◆ WORK INSTRUCTION
Report how many lines of the data contain the string "longleftrightarrow". Add nothing.

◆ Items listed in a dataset
(* For every $k\ge 1$ and every collection $\Omega$ of functions, $$\rho_1\bigl(\mathsf{vwl}_k^{(\infty)}\bigr)=\rho_1\bigl(\mathsf{TL}_{k+1}(\Omega)\bigr).$$
   Context: Fix integers $n\ge 1$ and $\ell\ge 1$. A graph is a triple $G=(V_G,E_G,\mathrm{col}_G)$ with $V_G=[n]=\{1,\dots,n\}$, $E_G$ a set of unordered pairs of distinct vertices (undirected, no loops), and a vertex labelling $\mathrm{col}_G:V_G\to\mathbb R^\ell$; $N_G(v)=\{u:uv\in E_G\}$. Let $\mathcal G=\mathcal G_0$ be the set of all such graphs and, for $s\ge 1$, $\mathcal G_s=\{(G,\mathbf v):G\in\mathcal G,\ \mathbf v\in V_G^s\}$. Tensor language $\mathsf{TL}(\Omega)$: let $\Omega$ be a collection of functions, each of the form $f:\mathbb R^p\to\mathbb R$ for some $p\ge1$ depending on $f$. Expressions are generated by $\varphi::=\mathbf 1_{x=y}\mid \mathbf 1_{x\neq y}\mid E(x,y)\mid P_s(x)\mid \varphi\cdot\varphi\mid \varphi+\varphi\mid a\cdot\varphi\mid f(\varphi_1,\dots,\varphi_p)\mid \sum_x\varphi$, with $x,y$ index variables, $s\in[\ell]$, $a\in\mathbb R$, $f\in\Omega$ of arity $p$. Free variables: $\mathrm{free}(\mathbf 1_{x\,\mathrm{op}\,y})=\mathrm{free}(E(x,y))=\{x,y\}$, $\mathrm{free}(P_s(x))=\{x\}$; for $\varphi_1\cdot\varphi_2$, $\varphi_1+\varphi_2$, $f(\varphi_1,\dots,\varphi_p)$ the union of the components' free variables; $\mathrm{free}(a\cdot\varphi)=\mathrm{free}(\varphi)$; $\mathrm{free}(\sum_x\varphi)=\mathrm{free}(\varphi)\setminus\{x\}$. Semantics: for a graph $G$ and a valuation $\nu$ mapping variables to $V_G$: $[\![E(x,y)]\!]^\nu_G=1$ if $\nu(x)\nu(y)\in E_G$ and $0$ otherwise; $[\![P_s(x)]\!]^\nu_G=\mathrm{col}_G(\nu(x))_s$; $[\![\mathbf 1_{x\,\mathrm{op}\,y}]\!]^\nu_G=1$ if $\nu(x)\,\mathrm{op}\,\nu(y)$ and $0$ otherwise; $\cdot$, $+$, scalar multiplication and $f$ act on the values of the components; $[\![\sum_x\varphi]\!]^\nu_G=\sum_{v\in V_G}[\![\varphi]\!]^{\nu[x\mapsto v]}_G$. For $\varphi$ with free variables among $x_1,\dots,x_s$ and $\mathbf v\in V_G^s$, $[\![\varphi]\!]^{\mathbf v}_G$ denotes the value under $x_i\mapsto v_i$. Summation depth $\mathrm{sd}$: $0$ for atoms, maximum over the components for $\cdot$, $+$, $f(\dots)$, $\mathrm{sd}(a\cdot\varphi)=\mathrm{sd}(\varphi)$, $\mathrm{sd}(\sum_x\varphi)=\mathrm{sd}(\varphi)+1$. $\mathsf{TL}_k(\Omega)$ is the set of expressions in which only variables from $\{x_1,\dots,x_k\}$ occur (free or bound; variables may be re-bound), and $\mathsf{TL}_k^{(t)}(\Omega)$ its subset of summation depth at most $t$. Separation power: for a set $\mathcal F$ of functions $f:\mathcal G_s\to\mathbb R^{m_f}$, $\rho_s(\mathcal F)=\{((G,\mathbf v),(H,\mathbf w))\in\mathcal G_s\times\mathcal G_s: f(G,\mathbf v)=f(H,\mathbf w)\ \forall f\in\mathcal F\}$ (for $s=0$, pairs of graphs), and $\rho_s(f)=\rho_s(\{f\})$. For a set $\mathcal L$ of expressions, $\rho_s(\mathcal L)$ is the set of pairs with $[\![\varphi]\!]^{\mathbf v}_G=[\![\varphi]\!]^{\mathbf w}_H$ for all $\varphi\in\mathcal L$ whose free variables are among $x_1,\dots,x_s$ (for $s=0$: all closed expressions in $\mathcal L$). $k$-dimensional Weisfeiler–Leman ($k\ge1$): for $\mathbf v\in V_G^k$, the atomic type $\mathsf{atp}_k(G,\mathbf v)$ records, for all $1\le i<j\le k$, whether $v_i=v_j$ and whether $v_iv_j\in E_G$, together with $\mathrm{col}_G(v_i)$ for all $i\in[k]$. Set $\mathsf{wl}_k^{(0)}(G,\mathbf v)=\mathsf{atp}_k(G,\mathbf v)$ and $\mathsf{wl}_k^{(t+1)}(G,\mathbf v)=\bigl(\mathsf{wl}_k^{(t)}(G,\mathbf v),\{\!\{(\mathsf{atp}_{k+1}(G,(v_1,\dots,v_k,u)),\mathsf{wl}_k^{(t)}(G,\mathbf v[u/1]),\dots,\mathsf{wl}_k^{(t)}(G,\mathbf v[u/k])):u\in V_G\}\!\}\bigr)$, where $\mathbf v[u/i]$ replaces the $i$-th entry of $\mathbf v$ by $u$ and $\{\!\{\cdot\}\!\}$ denotes a multiset. Labels are compared as formal objects across graphs. $\mathsf{vwl}_k^{(t)}(G,v)=\mathsf{wl}_k^{(t)}(G,(v,\dots,v))$ and $\mathsf{gwl}_k^{(t)}(G)=\{\!\{\mathsf{wl}_k^{(t)}(G,\mathbf v):\mathbf v\in V_G^k\}\!\}$. $\rho_1(\mathsf{vwl}_k^{(t)})$ is the set of pairs $((G,v),(H,w))$ with $\mathsf{vwl}_k^{(t)}(G,v)=\mathsf{vwl}_k^{(t)}(H,w)$, and $\rho_1(\mathsf{vwl}_k^{(\infty)})=\bigcap_{t\ge0}\rho_1(\mathsf{vwl}_k^{(t)})$ (the stable labelling). *)

theory Defs
  imports Complex_Main "HOL-Library.Multiset"
begin

text \<open>Values outside the intended domains are
  fixed canonically (False / 0), so that every mathematical graph has exactly one
  representation.\<close>

record graph =
  gE   :: "nat \<Rightarrow> nat \<Rightarrow> bool"
  gcol :: "nat \<Rightarrow> nat \<Rightarrow> real"

definition is_graph :: "nat \<Rightarrow> nat \<Rightarrow> graph \<Rightarrow> bool" where
  "is_graph n l G \<longleftrightarrow>
     (\<forall>u v. gE G u v \<longrightarrow> u \<in> {1..n} \<and> v \<in> {1..n} \<and> u \<noteq> v \<and> gE G v u) \<and>
     (\<forall>v s. gcol G v s \<noteq> 0 \<longrightarrow> v \<in> {1..n} \<and> s \<in> {1..l})"

text \<open>Index variables x_i are represented by natural numbers i. A function symbol is
  a pair (p, f) with f applied to a real list of length p (i.e. f : R^p \<rightarrow> R).\<close>

datatype tl =
    EqI nat nat
  | NeqI nat nat
  | Edge nat nat
  | Lab nat nat          (* Lab s x  =  P_s(x) *)
  | Mul tl tl
  | Add tl tl
  | Smul real tl
  | App "nat \<times> (real list \<Rightarrow> real)" "tl list"
  | Sum nat tl

fun free :: "tl \<Rightarrow> nat set" where
  "free (EqI x y) = {x, y}"
| "free (NeqI x y) = {x, y}"
| "free (Edge x y) = {x, y}"
| "free (Lab s x) = {x}"
| "free (Mul a b) = free a \<union> free b"
| "free (Add a b) = free a \<union> free b"
| "free (Smul c a) = free a"
| "free (App f as) = (\<Union>a\<in>set as. free a)"
| "free (Sum x a) = free a - {x}"

fun vars :: "tl \<Rightarrow> nat set" where
  "vars (EqI x y) = {x, y}"
| "vars (NeqI x y) = {x, y}"
| "vars (Edge x y) = {x, y}"
| "vars (Lab s x) = {x}"
| "vars (Mul a b) = vars a \<union> vars b"
| "vars (Add a b) = vars a \<union> vars b"
| "vars (Smul c a) = vars a"
| "vars (App f as) = (\<Union>a\<in>set as. vars a)"
| "vars (Sum x a) = insert x (vars a)"

fun wf_tl :: "nat \<Rightarrow> (nat \<times> (real list \<Rightarrow> real)) set \<Rightarrow> tl \<Rightarrow> bool" where
  "wf_tl l \<Omega> (EqI x y) = True"
| "wf_tl l \<Omega> (NeqI x y) = True"
| "wf_tl l \<Omega> (Edge x y) = True"
| "wf_tl l \<Omega> (Lab s x) = (s \<in> {1..l})"
| "wf_tl l \<Omega> (Mul a b) = (wf_tl l \<Omega> a \<and> wf_tl l \<Omega> b)"
| "wf_tl l \<Omega> (Add a b) = (wf_tl l \<Omega> a \<and> wf_tl l \<Omega> b)"
| "wf_tl l \<Omega> (Smul c a) = wf_tl l \<Omega> a"
| "wf_tl l \<Omega> (App f as) = (f \<in> \<Omega> \<and> fst f = length as \<and> (\<forall>a\<in>set as. wf_tl l \<Omega> a))"
| "wf_tl l \<Omega> (Sum x a) = wf_tl l \<Omega> a"

fun eval :: "nat \<Rightarrow> graph \<Rightarrow> (nat \<Rightarrow> nat) \<Rightarrow> tl \<Rightarrow> real" where
  "eval n G \<nu> (EqI x y) = (if \<nu> x = \<nu> y then 1 else 0)"
| "eval n G \<nu> (NeqI x y) = (if \<nu> x \<noteq> \<nu> y then 1 else 0)"
| "eval n G \<nu> (Edge x y) = (if gE G (\<nu> x) (\<nu> y) then 1 else 0)"
| "eval n G \<nu> (Lab s x) = gcol G (\<nu> x) s"
| "eval n G \<nu> (Mul a b) = eval n G \<nu> a * eval n G \<nu> b"
| "eval n G \<nu> (Add a b) = eval n G \<nu> a + eval n G \<nu> b"
| "eval n G \<nu> (Smul c a) = c * eval n G \<nu> a"
| "eval n G \<nu> (App f as) = snd f (map (eval n G \<nu>) as)"
| "eval n G \<nu> (Sum x a) = (\<Sum>v\<in>{1..n}. eval n G (\<nu>(x := v)) a)"

definition TL :: "nat \<Rightarrow> (nat \<times> (real list \<Rightarrow> real)) set \<Rightarrow> nat \<Rightarrow> tl set" where
  "TL l \<Omega> k = {\<phi>. wf_tl l \<Omega> \<phi> \<and> vars \<phi> \<subseteq> {1..k}}"

text \<open>Variables other than x_1 are not free and
  hence irrelevant; they are mapped to the same vertex.\<close>
definition rho1_TL :: "nat \<Rightarrow> nat \<Rightarrow> tl set \<Rightarrow> ((graph \<times> nat) \<times> (graph \<times> nat)) set" where
  "rho1_TL n l L = {((G, v), (H, w)).
      is_graph n l G \<and> is_graph n l H \<and> v \<in> {1..n} \<and> w \<in> {1..n} \<and>
      (\<forall>\<phi>\<in>L. free \<phi> \<subseteq> {1} \<longrightarrow> eval n G (\<lambda>_. v) \<phi> = eval n H (\<lambda>_. w) \<phi>)}"

type_synonym atype = "(bool \<times> bool) list \<times> real list list"

definition atp :: "nat \<Rightarrow> graph \<Rightarrow> nat list \<Rightarrow> atype" where
  "atp l G vs =
     ([(vs ! i = vs ! j, gE G (vs ! i) (vs ! j)). i \<leftarrow> [0..<length vs], j \<leftarrow> [Suc i..<length vs]],
      map (\<lambda>v. map (gcol G v) [1..<Suc l]) vs)"

datatype wlab = Atp atype | Refine wlab "(atype \<times> wlab list) multiset"

fun wl :: "nat \<Rightarrow> nat \<Rightarrow> graph \<Rightarrow> nat \<Rightarrow> nat list \<Rightarrow> wlab" where
  "wl n l G 0 vs = Atp (atp l G vs)"
| "wl n l G (Suc t) vs =
     Refine (wl n l G t vs)
       (image_mset (\<lambda>u. (atp l G (vs @ [u]), map (\<lambda>i. wl n l G t (vs[i := u])) [0..<length vs]))
          (mset_set {1..n}))"

definition vwl :: "nat \<Rightarrow> nat \<Rightarrow> nat \<Rightarrow> nat \<Rightarrow> graph \<Rightarrow> nat \<Rightarrow> wlab" where
  "vwl n l k t G v = wl n l G t (replicate k v)"

definition rho1_vwl_inf :: "nat \<Rightarrow> nat \<Rightarrow> nat \<Rightarrow> ((graph \<times> nat) \<times> (graph \<times> nat)) set" where
  "rho1_vwl_inf n l k = {((G, v), (H, w)).
      is_graph n l G \<and> is_graph n l H \<and> v \<in> {1..n} \<and> w \<in> {1..n} \<and>
      (\<forall>t. vwl n l k t G v = vwl n l k t H w)}"

end

theory Submission
  imports Defs
begin

text \<open>
  \<open>\<subseteq>\<close>: fix an assignment of \<open>x\<^sub>1, \<dots>, x\<^sub>k\<^sub>+\<^sub>1\<close>. The atomic type of the \<open>(k+1)\<close>-tuple of
  values, together with the round-\<open>t\<close> labels of the \<open>k+1\<close> \<open>k\<close>-tuples obtained by dropping one
  variable, determines the value of every expression of summation depth at most \<open>t\<close>. For
  \<open>\<Sum>\<^sub>x\<^sub>j \<phi>\<close>, the refinement step of the tuple without \<open>x\<^sub>j\<close> matches the summands in the two
  graphs one-to-one; that the labels are invariant under permuting positions absorbs the
  re-indexing this needs.

  \<open>\<supseteq>\<close>: by induction on \<open>t\<close>, every label \<open>c\<close> has an expression in \<open>x\<^sub>1, \<dots>, x\<^sub>k\<^sub>+\<^sub>1\<close> that
  evaluates to \<open>1\<close> on \<open>k\<close>-tuples with label \<open>c\<close> and to \<open>0\<close> on all others, in both graphs. Atomic
  types are tested by products of (in)equality, edge and label tests, and the refinement
  multiset by counting its entries with a sum over \<open>x\<^sub>k\<^sub>+\<^sub>1\<close>. Only finitely many values occur,
  so comparing with a constant is a Lagrange polynomial and no function from \<open>\<Omega>\<close> is needed.
  Binding \<open>x\<^sub>2, \<dots>, x\<^sub>k\<^sub>+\<^sub>1\<close> to \<open>x\<^sub>1\<close> turns the indicator of the label of \<open>(v, \<dots>, v)\<close> into an
  expression with free variable \<open>x\<^sub>1\<close> only.
\<close>

lemma map_eq_map_iff_nth:
  "map f xs = map g ys \<longleftrightarrow> length xs = length ys \<and> (\<forall>i<length xs. f (xs!i) = g (ys!i))"
  by (auto simp: list_eq_iff_nth_eq)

◆ TASK ANSWER
2